= Instructions to follow =
For every line in the data below, check for the word "Some", then state how many lines have it. Answer with the number only.

= Given data =
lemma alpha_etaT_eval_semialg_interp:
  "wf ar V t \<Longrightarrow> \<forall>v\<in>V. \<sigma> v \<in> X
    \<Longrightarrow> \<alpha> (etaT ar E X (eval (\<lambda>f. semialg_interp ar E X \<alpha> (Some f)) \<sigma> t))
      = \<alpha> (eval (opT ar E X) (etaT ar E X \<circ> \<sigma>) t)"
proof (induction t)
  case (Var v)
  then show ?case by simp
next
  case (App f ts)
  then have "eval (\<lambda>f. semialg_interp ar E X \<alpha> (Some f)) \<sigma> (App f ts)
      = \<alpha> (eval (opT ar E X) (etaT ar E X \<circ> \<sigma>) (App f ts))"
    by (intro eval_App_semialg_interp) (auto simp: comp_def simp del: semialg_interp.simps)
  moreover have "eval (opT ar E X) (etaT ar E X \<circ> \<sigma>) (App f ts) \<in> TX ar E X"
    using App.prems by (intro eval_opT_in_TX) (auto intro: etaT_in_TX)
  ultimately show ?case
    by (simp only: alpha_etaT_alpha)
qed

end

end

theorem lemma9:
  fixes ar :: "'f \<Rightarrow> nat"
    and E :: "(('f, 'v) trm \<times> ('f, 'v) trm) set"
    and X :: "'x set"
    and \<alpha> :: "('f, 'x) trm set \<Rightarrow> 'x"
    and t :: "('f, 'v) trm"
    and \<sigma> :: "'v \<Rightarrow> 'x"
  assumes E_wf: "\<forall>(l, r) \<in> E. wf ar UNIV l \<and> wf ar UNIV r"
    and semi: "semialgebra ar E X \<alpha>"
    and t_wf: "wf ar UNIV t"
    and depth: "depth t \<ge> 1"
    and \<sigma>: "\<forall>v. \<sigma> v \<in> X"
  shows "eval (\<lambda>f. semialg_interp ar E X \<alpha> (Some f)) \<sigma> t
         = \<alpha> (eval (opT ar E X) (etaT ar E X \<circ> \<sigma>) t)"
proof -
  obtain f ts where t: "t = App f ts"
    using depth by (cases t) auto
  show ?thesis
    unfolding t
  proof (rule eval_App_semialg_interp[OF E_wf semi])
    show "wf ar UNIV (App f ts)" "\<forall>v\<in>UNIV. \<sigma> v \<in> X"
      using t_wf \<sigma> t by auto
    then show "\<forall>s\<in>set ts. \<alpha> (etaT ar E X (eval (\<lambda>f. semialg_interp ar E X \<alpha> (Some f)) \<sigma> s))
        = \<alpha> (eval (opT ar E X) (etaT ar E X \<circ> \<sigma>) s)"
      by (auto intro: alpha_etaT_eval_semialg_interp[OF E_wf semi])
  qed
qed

--

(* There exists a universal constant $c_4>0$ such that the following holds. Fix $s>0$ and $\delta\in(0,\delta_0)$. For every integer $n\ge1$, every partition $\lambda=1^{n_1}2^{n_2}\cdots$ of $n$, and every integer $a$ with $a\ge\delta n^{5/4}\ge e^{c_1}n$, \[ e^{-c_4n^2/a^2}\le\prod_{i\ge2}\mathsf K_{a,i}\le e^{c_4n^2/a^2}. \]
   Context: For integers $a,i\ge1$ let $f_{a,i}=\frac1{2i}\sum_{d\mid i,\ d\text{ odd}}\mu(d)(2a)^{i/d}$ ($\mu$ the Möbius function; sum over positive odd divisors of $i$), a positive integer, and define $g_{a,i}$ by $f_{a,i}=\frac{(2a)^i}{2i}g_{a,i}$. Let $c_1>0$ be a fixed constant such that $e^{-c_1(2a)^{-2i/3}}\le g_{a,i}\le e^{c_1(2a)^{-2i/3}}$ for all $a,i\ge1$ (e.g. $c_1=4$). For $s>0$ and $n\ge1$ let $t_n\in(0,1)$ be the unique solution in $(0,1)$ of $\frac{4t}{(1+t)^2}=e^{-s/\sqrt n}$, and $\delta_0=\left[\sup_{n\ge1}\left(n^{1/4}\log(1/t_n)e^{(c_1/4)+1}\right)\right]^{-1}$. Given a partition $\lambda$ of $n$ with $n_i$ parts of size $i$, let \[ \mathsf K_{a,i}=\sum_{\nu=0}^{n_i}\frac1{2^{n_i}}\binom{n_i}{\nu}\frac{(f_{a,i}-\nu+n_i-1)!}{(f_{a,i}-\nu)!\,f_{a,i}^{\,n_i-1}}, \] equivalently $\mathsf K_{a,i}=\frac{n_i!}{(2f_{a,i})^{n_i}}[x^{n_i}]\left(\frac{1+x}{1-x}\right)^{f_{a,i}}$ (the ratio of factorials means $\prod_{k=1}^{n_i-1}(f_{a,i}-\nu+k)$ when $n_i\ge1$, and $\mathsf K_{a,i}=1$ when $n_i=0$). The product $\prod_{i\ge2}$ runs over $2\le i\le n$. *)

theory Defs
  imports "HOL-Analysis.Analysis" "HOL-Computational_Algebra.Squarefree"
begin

= Output =
4